Dealing with NaNs and Infinity

Hugo Ferreira

unread,

Jan 26, 2015, 9:05:09 AM1/26/15

to spark-conn...@lists.datastax.com

Hello,

I am trying to select rows of data wherein the column value may or may knot exist. I figure I could use a NaN or Infinity and filter on those using
Spark SQL seeing as 1.2.0 seems to support this. So I do:

val cc = new CassandraSQLContext(TestSparkContext)
cc.setKeyspace("test")
// Does not work, no nulls exist
val rdd: SchemaRDD = cc.cassandraSql("SELECT * from key_value WHERE f2 < Infinity")

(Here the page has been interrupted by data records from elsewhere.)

lemma three_bitangents_over:
  fixes K :: "'a set" and c :: "nat \<Rightarrow> nat \<Rightarrow> 'a"
  assumes ac: "alg_closed TYPE('a)" and ns: "nonsingular_quartic c" and ord: "ordinary_quartic c"
    and over: "\<forall>L\<in>bitangents c. line_over K L"
  obtains w1 w2 w3 where "pt_over K w1" "pt_over K w2" "pt_over K w3"
    and "line_set w1 \<in> bitangents c" "line_set w2 \<in> bitangents c" "line_set w3 \<in> bitangents c"
    and "triple w1 w2 w3 \<noteq> 0"
proof -
  have over_K: "\<exists>w. w \<noteq> (0,0,0) \<and> pt_over K w \<and> L = line_set w" if "L \<in> bitangents c" for L
    using over that unfolding line_over_def pt_over_def by fastforce
  have fin: "finite (bitangents c)" and card: "card (bitangents c) = 7"
    using ord unfolding ordinary_quartic_def by auto
  have "bitangents c \<noteq> {}"
    using card by (intro notI) simp
  then obtain L1 where L1: "L1 \<in> bitangents c"
    by blast
  have "card (bitangents c - {L1}) = 6"
    using fin card L1 by simp
  then have "bitangents c - {L1} \<noteq> {}"
    by (intro notI) simp
  then obtain L2 where L2: "L2 \<in> bitangents c" and "L2 \<noteq> L1"
    by blast
  obtain w1 w2 where w1: "w1 \<noteq> (0,0,0)" "pt_over K w1" "L1 = line_set w1"
    and w2: "w2 \<noteq> (0,0,0)" "pt_over K w2" "L2 = line_set w2"
    using over_K L1 L2 by metis
  have "cross w1 w2 \<noteq> (0,0,0)"
    using line_set_eq_if_cross_eq_0[OF w1(1) w2(1)] w1(3) w2(3) \<open>L2 \<noteq> L1\<close> by auto
  then obtain L3 where L3: "L3 \<in> bitangents c" and "cross w1 w2 \<notin> L3"
    using third_bitangent[OF ac ns ord] L1 L2 w1(3) w2(3) by blast
  then obtain w3 where w3: "pt_over K w3" "L3 = line_set w3" and "dot w3 (cross w1 w2) \<noteq> 0"
    using over_K unfolding line_set_dot by blast
  then show thesis
    using that w1 w2 L1 L2 L3 by (simp add: triple_rotate)
qed

lemma K_iso_CQ_if_bitangents_over:
  fixes K :: "'a set" and c :: "nat \<Rightarrow> nat \<Rightarrow> 'a"
  assumes ac: "alg_closed TYPE('a)" and sf: "is_subfield K" and fin: "finite K"
    and cK: "\<forall>i j. i + j \<le> 4 \<longrightarrow> c i j \<in> K"
    and ns: "nonsingular_quartic c" and ord: "ordinary_quartic c"
    and over: "\<forall>L\<in>bitangents c. line_over K L"
  shows "\<exists>a b cc d e f. a \<in> K \<and> b \<in> K \<and> cc \<in> K \<and> d \<in> K \<and> e \<in> K \<and> f \<in> K \<and>
            in_QQ a b cc d e f \<and> K_iso K c (CQ a b cc d e f)"
proof -
  obtain w1 w2 w3 where w: "pt_over K w1" "pt_over K w2" "pt_over K w3"
    and L: "line_set w1 \<in> bitangents c" "line_set w2 \<in> bitangents c" "line_set w3 \<in> bitangents c"
    and tri: "triple w1 w2 w3 \<noteq> 0"
    using three_bitangents_over[OF ac ns ord over] by blast
  define M where "M = frame w1 w2 w3"
  define e where "e = qsubst c M"
  have MK: "\<forall>i<3. \<forall>j<3. M i j \<in> K"
    unfolding M_def using frame_over[OF sf w] by blast
  have det: "det3 M \<noteq> 0"
    using tri unfolding M_def det3_frame by simp
  have subst: "\<And>p. qeval e p = qeval c (lin M p)"
    unfolding e_def by (rule qeval_qsubst)
  have eK: "\<And>i j. e i j \<in> K"
    unfolding e_def by (rule qsubst_over[OF sf cK MK])
  have zero: "e 0 3 = 0" "e 0 1 = 0" "e 3 0 = 0" "e 1 0 = 0" "e 3 1 = 0" "e 1 3 = 0"
    using qsubst_frame_coeffs_1[OF L(1)] qsubst_frame_coeffs_2[OF L(2)] qsubst_frame_coeffs_3[OF L(3)]
    unfolding e_def M_def by auto
  have nz: "e 2 1 \<noteq> 0" "e 1 2 \<noteq> 0" "e 1 1 \<noteq> 0"
    using frame_coeffs_nonzero[OF ac ns ord L tri] unfolding e_def M_def by auto
  have "nonsingular_quartic e"
    by (rule nonsingular_lin_subst[OF subst det ns])
  then show ?thesis
    by (rule K_iso_CQ_of_normal_form[OF two_eq_zero sf fin MK det subst eK zero nz])
qed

and get a class not found error (org.apache.spark.sql.catalyst.analysis.Star, see stack trace below). This doesn't seem to come from the Cassandra connector. However I would would just like to check is this is possible. I am using a version of the git master of the Cassandra connector + spark 1.2.0.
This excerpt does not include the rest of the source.